The recording is now available…
It should come as no surprise that our entire internal infrastructure is running on RavenDB. I wholly believe in the concept of dog fooding and it has serve us very well over the years.
I was speaking to a colleague just now and it occurred to me that it is surprising that we do certain things wrong, intentionally. It is fair to say that we know what the best practices for using RavenDB are, the things that you can do to get the most out of it.
In some of our internal systems, we are doing things in exactly the wrong way. We are doing things that are inefficient in RavenDB. We take the expedient route to implement things. A good example of that is that we have a set of documents that can grow to be multiple MB in size. They are also some of the most common changed documents in the system. Properly design would call to break them apart to make things easier for RavenDB.
We intentionally modeled things this way. Well, I gave the modeling task to an intern with no knowledge of RavenDB and then I made things worse for RavenDB in a few cases where he didn’t get it out of shape enough for my needs.
Huh?! I can hear you thinking. Why on earth would we do something like that?
We do this because if serves as an excellent proving ground for misuse of RavenDB. It show us how the system behave under non ideal situations. Not just when the user is able to match everything to the way RavenDB would like things to be, but how they are likely to build their system. Unaware of what is going on behind the scenes and what the optimal solution would be. We want RavenDB to be able to handle that scenario well.
An example that pops to mind was having all the uploads on the system be attachments on a single document. That surfaced that we had a O(N^2) algorithm very deep in the bowels of RavenDB for placing a new attachment. It would be completely invisible under normal case, because it was fast enough under any normal or abnormal situation that we could think of. But when we started getting high latency from uploads, we realized that adding the 100,002th attachment to a document required us to scan through the whole list… it was obvious that we needed a fix. (And please, don’t put hundreds of thousands of attachments on a document, it will work (and it is fast now), but it isn’t nice).
Doing the wrong thing on purpose means that we can be sure that when users are doing the wrong thing accidently, they get good behavior.
I have wrote an article about the uses of the profiler and the benefits it brings. And here is the 30 seconds video:
You can watch the full demo in the Cosmos DB webinar.
The recording is now available here:
We got a feature request that we don’t intend to implement, but I thought the reasoning is interesting enough for a blog post. The feature request:
If there is a critical error or major issue with the current state of the database, for instance when the data is not replicated from Node C to Node A due to some errors in the database or network it should send out mail to the administrator to investigate on the issue. Another example is, if the database not active due to some errors then it should send out mail as well.
On its face, the request is very reasonable. If there is an error, we want to let the administrator know about it, not hide it in some log file. Indeed, RavenDB has the concept of alerts just for that reason, to surface any issues directly to the admin ahead of time. We also have a mechanism in place to allow for alerts for the admin without checking in with the RavenDB Studio manually: SNMP. The Simple Network Monitoring Protocol is designed specifically to enable this kind of monitoring and RavenDB expose a lot of state via that which you can act upon in your monitoring system.
Inside your monitoring system, you can define rules that will alert you. Send an SMS if the disk space is low, or email on an alert from RavenDB, etc.
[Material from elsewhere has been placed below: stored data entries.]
lemma cycle_lengths_diag_map:
  assumes l: "0 < l" "l < int p" and m: "0 < m" "m < int p"
  defines "d1 \<equiv> ord p (nat l)" and "d2 \<equiv> ord p (nat m)"
  shows "cycle_lengths (diag_map p l m) (plane p)
    = replicate_mset ((p - 1)^2 div lcm d1 d2) (lcm d1 d2)
      + replicate_mset ((p - 1) div d1) d1 + replicate_mset ((p - 1) div d2) d2 + {#1#}"
proof -
  let ?D = "diag_map p l m"
  interpret finite_perm ?D "plane p" using finite_perm_iso[OF diag_map_iso[OF l m]] .
  define S0 where "S0 = {(0::int, 0::int)}"
  define S1 where "S1 = {0<..<int p} \<times> {0::int}"
  define S2 where "S2 = {0::int} \<times> {0<..<int p}"
  define S3 where "S3 = {0<..<int p} \<times> {0<..<int p}"
  have fixl: "(l ^ k * x) mod int p = x \<longleftrightarrow> d1 dvd k"
    and fixm: "(m ^ k * x) mod int p = x \<longleftrightarrow> d2 dvd k" if "0 < x" "x < int p" for x k
    using mult_pow_mod_eq_iff[OF l that] mult_pow_mod_eq_iff[OF m that] d1_def d2_def by simp_all
  have sub: "S0 \<subseteq> plane p" "S1 \<subseteq> plane p" "S2 \<subseteq> plane p" "S3 \<subseteq> plane p"
    using p_gt_1 by (auto simp: S0_def S1_def S2_def S3_def plane_def)
  have inv: "?D ` S0 \<subseteq> S0" "?D ` S1 \<subseteq> S1" "?D ` S2 \<subseteq> S2" "?D ` S3 \<subseteq> S3"
    using mult_mod_pos[OF l] mult_mod_pos[OF m] mod_in_range p_gt_1
    by (auto simp: S0_def S1_def S2_def S3_def diag_map_def)
  have c0: "card (cycle_of ?D z) = 1" if "z \<in> S0" for z
    using that sub by (intro card_cycle_ofI) (auto simp: S0_def funpow_diag_map)
  have c1: "card (cycle_of ?D z) = d1" if "z \<in> S1" for z
    using that sub by (intro card_cycle_ofI) (auto simp: S1_def funpow_diag_map fixl)
  have c2: "card (cycle_of ?D z) = d2" if "z \<in> S2" for z
    using that sub by (intro card_cycle_ofI) (auto simp: S2_def funpow_diag_map fixm)
  have c3: "card (cycle_of ?D z) = lcm d1 d2" if "z \<in> S3" for z
    using that sub by (intro card_cycle_ofI) (auto simp: S3_def funpow_diag_map fixl fixm)
  note pieces = cycle_lengths_const_on[OF sub(1) inv(1) c0] cycle_lengths_const_on[OF sub(2) inv(2) c1]
    cycle_lengths_const_on[OF sub(3) inv(3) c2] cycle_lengths_const_on[OF sub(4) inv(4) c3]
  have "plane p = ((S3 \<union> S1) \<union> S2) \<union> S0"
    using p_gt_1 by (auto simp: S0_def S1_def S2_def S3_def plane_def)
  moreover have "(S3 \<union> S1) \<inter> S2 = {}" "S3 \<inter> S1 = {}" "((S3 \<union> S1) \<union> S2) \<inter> S0 = {}"
    by (auto simp: S0_def S1_def S2_def S3_def)
  moreover have "card S0 = 1" "card S1 = p - 1" "card S2 = p - 1" "card S3 = (p - 1)^2"
    unfolding S0_def S1_def S2_def S3_def card_cartesian_product card_residues
    by (simp_all add: power2_eq_square)
  ultimately show ?thesis
    using pieces by (simp add: cycle_lengths_Un finite_perm_Un)
qed
(* Let $\Sigma=(X,\mathcal{U},\phi)$ be an ordered control system which is monotone (with respect to states and inputs), and let $\mathcal{U}_c\subseteq\mathcal{U}$. Assume: (i) there exists $\rho\in\mathcal{K}_\infty$ such that for all $x_-,x,x_+\in X$ with $x_-\le x\le x_+$ one has $\|x\|_X\le\rho(\|x_-\|_X+\|x_+\|_X)$; (ii) there exist $\eta,\xi\in\mathcal{K}_\infty$ such that for every $x\in X$, every $u\in\mathcal{U}(x)$ and every $\varepsilon>0$ there exist $x_-,x_+\in X$, $u_-\in\mathcal{U}(x_-)\cap\mathcal{U}_c$, $u_+\in\mathcal{U}(x_+)\cap\mathcal{U}_c$ with $x_-\le x\le x_+$, $u_-\le u\le u_+$, $\max(\|u_-\|_{\mathcal{U}},\|u_+\|_{\mathcal{U}})\le\eta(\|u\|_{\mathcal{U}}+\varepsilon)$ and $\max(\|x_-\|_X,\|x_+\|_X)\le\xi(\|x\|_X+\|u\|_{\mathcal{U}}+\varepsilon)$. Then $\Sigma$ is ISS if and only if $\Sigma$ is ISS with respect to inputs in $\mathcal{U}_c$. Moreover, if $\rho$ and $\xi$ are linear, then $\Sigma$ is exp-ISS if and only if $\Sigma$ is exp-ISS with respect to inputs in $\mathcal{U}_c$; and if in addition $\Sigma$ is exp-ISS w.r.t. inputs in $\mathcal{U}_c$ with a linear gain function and $\eta$ is linear, then $\Sigma$ is exp-ISS with a linear gain function.
   Context: Comparison functions: $\mathcal{K}$ is the set of continuous strictly increasing $\gamma:\mathbb{R}_+\to\mathbb{R}_+$ with $\gamma(0)=0$; $\mathcal{K}_\infty$ the unbounded functions in $\mathcal{K}$; $\mathcal{L}$ the continuous decreasing $\gamma:\mathbb{R}_+\to\mathbb{R}_+$ with $\gamma(t)\to0$; $\mathcal{KL}$ the functions $\beta:\mathbb{R}_+^2\to\mathbb{R}_+$ with $\beta(\cdot,t)\in\mathcal{K}$ for all $t\ge0$ and $\beta(r,\cdot)\in\mathcal{L}$ for all $r>0$. A control system $\Sigma=(X,\mathcal{U},\phi)$ consists of a normed linear space $X$ (state space), a set $U$ of input values (nonempty subset of a normed linear space), a normed linear space $\mathcal{U}$ of functions $\mathbb{R}_+\to U$ closed under time shifts $u\mapsto u(\cdot+\tau)$, nonempty sets $\mathcal{U}(x)\subseteq\mathcal{U}$ of admissible inputs for each $x\in X$, and a map $\phi$ such that for every $x\in X$, $u\in\mathcal{U}(x)$ and $t\ge0$ the state $\phi(t,x,u)\in X$ is defined, $\phi(0,x,u)=x$, $\phi(t,x,u)=\phi(t,x,\tilde u)$ whenever $\tilde u\in\mathcal{U}(x)$ agrees with $u$ on $[0,t]$, and $u(t+\cdot)\in\mathcal{U}(\phi(t,x,u))$ with $\phi(h,\phi(t,x,u),u(t+\cdot))=\phi(t+h,x,u)$ for all $t,h\ge0$. A positive cone in a normed linear space $X$ is a set $K$ with $K\cap(-K)=\{0\}$, $ax\in K$ and $x+y\in K$ for all $a\ge0$, $x,y\in K$; it induces the order $x\le y\iff y-x\in K$. The system is ordered if $X$ and $\mathcal{U}$ carry such orders. It is monotone if for all $t\ge0$, all $x_1\le x_2$ in $X$ and all $u_1\in\mathcal{U}(x_1)$, $u_2\in\mathcal{U}(x_2)$ with $u_1\le u_2$ one has $\phi(t,x_1,u_1)\le\phi(t,x_2,u_2)$. For $\mathcal{U}_c\subseteq\mathcal{U}$, $\Sigma$ is ISS with respect to inputs in $\mathcal{U}_c$ if there exist $\beta\in\mathcal{KL}$, $\gamma\in\mathcal{K}$ such that $\|\phi(t,x,u)\|_X\le\beta(\|x\|_X,t)+\gamma(\|u\|_{\mathcal{U}})$ for all $t\ge0$, all $x\in X$ and all $u\in\mathcal{U}(x)\cap\mathcal{U}_c$; ISS means ISS w.r.t. inputs in $\mathcal{U}$. $\Sigma$ is exp-ISS w.r.t. inputs in $\mathcal{U}_c$ if there exist constants $M,a>0$ and $\gamma\in\mathcal{K}_\infty$ with $\|\phi(t,x,u)\|_X\le Me^{-at}\|x\|_X+\gamma(\|u\|_{\mathcal{U}})$ for the same range of $t,x,u$; exp-ISS means exp-ISS w.r.t. inputs in $\mathcal{U}$; "with a linear gain function" means $\gamma$ can be chosen linear. *)

theory Defs
  imports "HOL-Analysis.Analysis"
begin

definition class_K :: "(real \<Rightarrow> real) \<Rightarrow> bool" where
  "class_K \<gamma> \<longleftrightarrow> continuous_on {0..} \<gamma> \<and> strict_mono_on {0..} \<gamma> \<and> \<gamma> 0 = 0
     \<and> (\<forall>r\<ge>0. \<gamma> r \<ge> 0)"

definition class_Kinf :: "(real \<Rightarrow> real) \<Rightarrow> bool" where
  "class_Kinf \<gamma> \<longleftrightarrow> class_K \<gamma> \<and> (\<forall>M. \<exists>r\<ge>0. \<gamma> r > M)"

definition class_L :: "(real \<Rightarrow> real) \<Rightarrow> bool" where
  "class_L \<gamma> \<longleftrightarrow> continuous_on {0..} \<gamma> \<and> (\<forall>s t. 0 \<le> s \<longrightarrow> s \<le> t \<longrightarrow> \<gamma> t \<le> \<gamma> s)
     \<and> (\<forall>t\<ge>0. \<gamma> t \<ge> 0) \<and> (\<gamma> \<longlongrightarrow> 0) at_top"

definition class_KL :: "(real \<Rightarrow> real \<Rightarrow> real) \<Rightarrow> bool" where
  "class_KL \<beta> \<longleftrightarrow> (\<forall>t\<ge>0. class_K (\<lambda>r. \<beta> r t)) \<and> (\<forall>r>0. class_L (\<beta> r))"

definition linear_fun :: "(real \<Rightarrow> real) \<Rightarrow> bool" where
  "linear_fun f \<longleftrightarrow> (\<exists>c. \<forall>r\<ge>0. f r = c * r)"

text \<open>Input functions are represented as maps real \<Rightarrow> 'v that vanish on negative times
  (only their restriction to the nonnegative reals carries information).\<close>

definition shift :: "real \<Rightarrow> (real \<Rightarrow> 'v::real_vector) \<Rightarrow> real \<Rightarrow> 'v" where
  "shift \<tau> u = (\<lambda>s. if 0 \<le> s then u (s + \<tau>) else 0)"

definition input_space ::
  "'v::real_normed_vector set \<Rightarrow> (real \<Rightarrow> 'v) set \<Rightarrow> ((real \<Rightarrow> 'v) \<Rightarrow> real) \<Rightarrow> bool" where
  "input_space Uv Uf nU \<longleftrightarrow>
     Uv \<noteq> {} \<and>
     (\<forall>u\<in>Uf. (\<forall>t\<ge>0. u t \<in> Uv) \<and> (\<forall>t<0. u t = 0)) \<and>
     (\<lambda>t. 0) \<in> Uf \<and>
     (\<forall>u\<in>Uf. \<forall>w\<in>Uf. (\<lambda>t. u t + w t) \<in> Uf) \<and>
     (\<forall>u\<in>Uf. \<forall>c. (\<lambda>t. c *\<^sub>R u t) \<in> Uf) \<and>
     (\<forall>u\<in>Uf. nU u \<ge> 0) \<and>
     (\<forall>u\<in>Uf. nU u = 0 \<longleftrightarrow> u = (\<lambda>t. 0)) \<and>
     (\<forall>u\<in>Uf. \<forall>c. nU (\<lambda>t. c *\<^sub>R u t) = \<bar>c\<bar> * nU u) \<and>
     (\<forall>u\<in>Uf. \<forall>w\<in>Uf. nU (\<lambda>t. u t + w t) \<le> nU u + nU w) \<and>
     (\<forall>u\<in>Uf. \<forall>\<tau>\<ge>0. shift \<tau> u \<in> Uf)"

definition control_system ::
  "'v::real_normed_vector set \<Rightarrow> (real \<Rightarrow> 'v) set \<Rightarrow> ((real \<Rightarrow> 'v) \<Rightarrow> real)
   \<Rightarrow> ('x::real_normed_vector \<Rightarrow> (real \<Rightarrow> 'v) set)
   \<Rightarrow> (real \<Rightarrow> 'x \<Rightarrow> (real \<Rightarrow> 'v) \<Rightarrow> 'x) \<Rightarrow> bool" where
  "control_system Uv Uf nU Uadm \<phi> \<longleftrightarrow>
     input_space Uv Uf nU \<and>
     (\<forall>x. Uadm x \<noteq> {} \<and> Uadm x \<subseteq> Uf) \<and>
     (\<forall>x. \<forall>u\<in>Uadm x. \<phi> 0 x u = x) \<and>
     (\<forall>x. \<forall>u\<in>Uadm x. \<forall>u'\<in>Uadm x. \<forall>t\<ge>0.
        (\<forall>s\<in>{0..t}. u s = u' s) \<longrightarrow> \<phi> t x u = \<phi> t x u') \<and>
     (\<forall>x. \<forall>u\<in>Uadm x. \<forall>t\<ge>0. shift t u \<in> Uadm (\<phi> t x u) \<and>
        (\<forall>h\<ge>0. \<phi> h (\<phi> t x u) (shift t u) = \<phi> (t + h) x u))"

definition positive_cone :: "'x::real_vector set \<Rightarrow> bool" where
  "positive_cone K \<longleftrightarrow> K \<inter> uminus ` K = {0} \<and>
     (\<forall>a\<ge>0. \<forall>x\<in>K. a *\<^sub>R x \<in> K) \<and> (\<forall>x\<in>K. \<forall>y\<in>K. x + y \<in> K)"

definition positive_fun_cone :: "(real \<Rightarrow> 'v::real_vector) set \<Rightarrow> (real \<Rightarrow> 'v) set \<Rightarrow> bool" where
  "positive_fun_cone Uf K \<longleftrightarrow> K \<subseteq> Uf \<and>
     K \<inter> (\<lambda>u t. - u t) ` K = {\<lambda>t. 0} \<and>
     (\<forall>a\<ge>0. \<forall>u\<in>K. (\<lambda>t. a *\<^sub>R u t) \<in> K) \<and> (\<forall>u\<in>K. \<forall>w\<in>K. (\<lambda>t. u t + w t) \<in> K)"

definition cle :: "'x::real_vector set \<Rightarrow> 'x \<Rightarrow> 'x \<Rightarrow> bool" where
  "cle K x y \<longleftrightarrow> y - x \<in> K"

definition fle :: "(real \<Rightarrow> 'v::real_vector) set \<Rightarrow> (real \<Rightarrow> 'v) \<Rightarrow> (real \<Rightarrow> 'v) \<Rightarrow> bool" where
  "fle K u w \<longleftrightarrow> (\<lambda>t. w t - u t) \<in> K"

definition monotone_system ::
  "'x::real_normed_vector set \<Rightarrow> (real \<Rightarrow> 'v::real_normed_vector) set
   \<Rightarrow> ('x \<Rightarrow> (real \<Rightarrow> 'v) set) \<Rightarrow> (real \<Rightarrow> 'x \<Rightarrow> (real \<Rightarrow> 'v) \<Rightarrow> 'x) \<Rightarrow> bool" where
  "monotone_system KX KU Uadm \<phi> \<longleftrightarrow>
     (\<forall>t\<ge>0. \<forall>x1 x2. \<forall>u1\<in>Uadm x1. \<forall>u2\<in>Uadm x2.
        cle KX x1 x2 \<longrightarrow> fle KU u1 u2 \<longrightarrow> cle KX (\<phi> t x1 u1) (\<phi> t x2 u2))"

definition ISS_wrt ::
  "((real \<Rightarrow> 'v) \<Rightarrow> real) \<Rightarrow> ('x::real_normed_vector \<Rightarrow> (real \<Rightarrow> 'v) set)
   \<Rightarrow> (real \<Rightarrow> 'x \<Rightarrow> (real \<Rightarrow> 'v) \<Rightarrow> 'x) \<Rightarrow> (real \<Rightarrow> 'v) set \<Rightarrow> bool" where
  "ISS_wrt nU Uadm \<phi> Uc \<longleftrightarrow> (\<exists>\<beta> \<gamma>. class_KL \<beta> \<and> class_K \<gamma> \<and>
     (\<forall>t\<ge>0. \<forall>x. \<forall>u\<in>Uadm x \<inter> Uc. norm (\<phi> t x u) \<le> \<beta> (norm x) t + \<gamma> (nU u)))"

definition expISS_wrt ::
  "((real \<Rightarrow> 'v) \<Rightarrow> real) \<Rightarrow> ('x::real_normed_vector \<Rightarrow> (real \<Rightarrow> 'v) set)
   \<Rightarrow> (real \<Rightarrow> 'x \<Rightarrow> (real \<Rightarrow> 'v) \<Rightarrow> 'x) \<Rightarrow> (real \<Rightarrow> 'v) set \<Rightarrow> bool" where
  "expISS_wrt nU Uadm \<phi> Uc \<longleftrightarrow> (\<exists>M a \<gamma>. M > 0 \<and> a > 0 \<and> class_Kinf \<gamma> \<and>
     (\<forall>t\<ge>0. \<forall>x. \<forall>u\<in>Uadm x \<inter> Uc.
        norm (\<phi> t x u) \<le> M * exp (- a * t) * norm x + \<gamma> (nU u)))"

definition expISS_lin_wrt ::
  "((real \<Rightarrow> 'v) \<Rightarrow> real) \<Rightarrow> ('x::real_normed_vector \<Rightarrow> (real \<Rightarrow> 'v) set)
   \<Rightarrow> (real \<Rightarrow> 'x \<Rightarrow> (real \<Rightarrow> 'v) \<Rightarrow> 'x) \<Rightarrow> (real \<Rightarrow> 'v) set \<Rightarrow> bool" where
  "expISS_lin_wrt nU Uadm \<phi> Uc \<longleftrightarrow> (\<exists>M a \<gamma>. M > 0 \<and> a > 0 \<and> class_Kinf \<gamma> \<and> linear_fun \<gamma> \<and>
     (\<forall>t\<ge>0. \<forall>x. \<forall>u\<in>Uadm x \<inter> Uc.
        norm (\<phi> t x u) \<le> M * exp (- a * t) * norm x + \<gamma> (nU u)))"

end

theory Submission
  imports Defs
begin

text \<open>Given a state x and input u, assumption (ii) encloses them between states and inputs
  from the class Uc whose sizes are controlled by those of x and u. Monotonicity carries
  the ordering along the flow, so assumption (i) bounds the trajectory of (x, u) by the two
  enclosing trajectories, to which the ISS estimate for Uc applies. This yields an estimate
  with gains evaluated at the size of u plus an arbitrary \<open>\<epsilon> > 0\<close>, and continuity of
  the gains removes \<open>\<epsilon>\<close>. When \<open>\<rho>\<close> and \<open>\<xi>\<close> are linear all compositions preserve the
  exponential decay, and with \<open>\<eta>\<close> and the gain also linear the new gain stays linear.\<close>

lemma class_K_nonneg: "class_K g \<Longrightarrow> 0 \<le> r \<Longrightarrow> 0 \<le> g r"
  unfolding class_K_def by auto

lemma class_K_mono: "class_K g \<Longrightarrow> 0 \<le> r \<Longrightarrow> r \<le> s \<Longrightarrow> g r \<le> g s"
  unfolding class_K_def strict_mono_on_def by (cases "r = s") (auto intro!: less_imp_le)

lemma class_K_pos: "class_K g \<Longrightarrow> 0 < r \<Longrightarrow> 0 < g r"
  unfolding class_K_def strict_mono_on_def by (metis atLeast_iff order.refl less_imp_le)
lemma pow_Suc_index_eq_if_drazin_fixed:
  assumes D: "drazin_inverse a k w" and fixed: "a \<^bold>* w = w"
  shows "pow a (Suc k) = pow a k"
proof -
  have "pow a (Suc k) = a \<^bold>* (w \<^bold>* pow a (k + 1))"
    using D by (simp add: drazin_inverse_def pow_Suc)
  also have "\<dots> = w \<^bold>* pow a (k + 1)"
    by (simp only: fixed flip: assoc)
  also have "\<dots> = pow a k"
    using D by (simp add: drazin_inverse_def)
  finally show ?thesis .
qed

lemma one_drazin_idempotent_consequences:
  assumes D: "drazin_inverse a k w" and inner: "a \<^bold>* g \<^bold>* a = a"
    and idem: "g \<^bold>* a \<^bold>* w \<^bold>* (g \<^bold>* a \<^bold>* w) = g \<^bold>* a \<^bold>* w"
  defines "x \<equiv> g \<^bold>* a \<^bold>* w"
  shows "(pow a k = pow a (k + 1) \<and> w \<^bold>* pow a k = pow a k)
    \<and> (pow x k = pow x k \<^bold>* a \<and> (\<forall>m::nat. m > 0 \<longrightarrow> pow x m = pow x m \<^bold>* a))
    \<and> (\<forall>m::nat. m > 0 \<longrightarrow> x = pow x m \<^bold>* pow a m)
    \<and> pow a k \<^bold>* x = pow a k"
proof -
  have fixed: "a \<^bold>* w = w"
    using drazin_inverse_fixed_if_one_drazin_idempotent[OF D inner idem] .
  have commute: "a \<^bold>* w = w \<^bold>* a"
    using D by (simp add: drazin_inverse_def)
  have index: "pow a (Suc k) = pow a k"
    using pow_Suc_index_eq_if_drazin_fixed[OF D fixed] .
  have wak: "w \<^bold>* pow a k = pow a k"
    using D index by (simp add: drazin_inverse_def)
  have wa: "w \<^bold>* a = w"
    using fixed commute by simp
  have xa: "x \<^bold>* a = x"
    unfolding x_def by (simp only: assoc wa)
  have xpow: "pow x m = x" if "0 < m" for m
    using pow_idem idem that unfolding x_def by blast
  have xk: "pow x k = pow x k \<^bold>* a"
  proof (cases "k = 0")
    case True
    then have "a = \<^bold>1"
      using index by (simp add: pow_Suc)
    with True show ?thesis
      by simp
  qed (simp add: xpow xa)
  have aka: "pow a k \<^bold>* a = pow a k"
    using index by (simp only: pow_Suc_right)
  have "pow a k \<^bold>* x = pow a k \<^bold>* (a \<^bold>* g \<^bold>* a) \<^bold>* w"
    unfolding x_def using aka by (metis assoc)
  also have "\<dots> = w \<^bold>* pow a k"
    by (simp only: inner aka pow_commute[OF commute])
  finally have akx: "pow a k \<^bold>* x = pow a k"
    using wak by simp
  show ?thesis
    using index wak xk xpow xa absorb_pow_right[OF xa] akx by simp
qed
(* For every $C>0$ there is a constant $C'>0$ depending only on $C$ such that the following holds. For every positive integer $n$, every $C$-dense $n$-element point set $P$ in the plane, and every stacking order $f$ of $\mathcal{D}(P)$, $$\lim_{\varepsilon\to 0}\mathrm{vis}(\mathcal{D}(\varepsilon P),f)\le C' n^{3/4},$$ where $f$ also denotes the corresponding stacking order of $\mathcal{D}(\varepsilon P)$.
   Context: For a point $p$ in the plane, $D(p)$ denotes the closed disk of radius $1$ centered at $p$, and for a finite point set $P$, $\mathcal{D}(P)=\{D(p): p\in P\}$. A stacking order of a finite collection $\mathcal{D}$ of $n$ distinct unit disks is a bijection $f:\mathcal{D}\to\{1,\dots,n\}$; $f(D)$ is regarded as the height of $D$, and the arrangement is viewed from below. A point $x$ on the boundary circle of $D\in\mathcal{D}$ is visible if $x$ does not lie in any disk $D'\in\mathcal{D}$ with $f(D')<f(D)$. The visible perimeter $\mathrm{vis}(\mathcal{D},f)$ is the total length of all visible boundary points, summed over all disks of $\mathcal{D}$. For $\varepsilon>0$, $\varepsilon P=\{(\varepsilon x,\varepsilon y): (x,y)\in P\}$, and a stacking order $f$ of $\mathcal{D}(P)$ is identified with the stacking order $D(\varepsilon p)\mapsto f(D(p))$ of $\mathcal{D}(\varepsilon P)$. An $n$-element point set $P$ is $C$-dense if $\max\{|pq|: p,q\in P\}\,/\,\min\{|pq|: p,q\in P,\ p\ne q\}\le C n^{1/2}$. *)

theory Defs
  imports "HOL-Analysis.Analysis"
begin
The idea of actively alerting the administrator is something that you absolutely want to have.
Having RavenDB send those emails, not so much. RavenDB expose monitoring endpoint and alerts, it doesn’t act or report on them. That is the role of your actual monitoring system. You can setup Zabbix or talk to your Ops team which likely already have one installed.
Let’s talk about the reason that RavenDB isn’t a monitoring system.
Sending email is actually really hard. What sort of email provider do you use? What options are required to set it up a connection? Do you need X509 certificate or user/pass combo? What happens if we can’t send the email? That is leaving aside the fact that actually getting the email delivered is hard enough. Spam, SPF, DKIM and DMARC is where things start. In short, that is a lot of complications that we’ll have to deal with.
For that matter, what about SMS integration? Surely that would also help. But no one uses SMS today, we want WhatsApp integration, and Telegram, and … You go the point.
Then there are social issues. How will we decide if we need to send an email or not? There should be some policy, and ways to configure that. If we won’t have that, we’ll end up sending either too many emails (which will get flagged / ignored) or too few (why aren’t you telling me about XYZ issue?).
A monitoring system is built to handle those sort of issues, it is able to aggregate reports and give you a single email with the current status, open issues for you to fix and do a whole lot more that is simply outside the purview or RavenDB. There is also the most critical alert of all, if RavenDB is down, it will not be able report that it is down because it is down.
The proper way to handle this is to setup integration with a monitoring system, so we’ll not be implementing this feature request.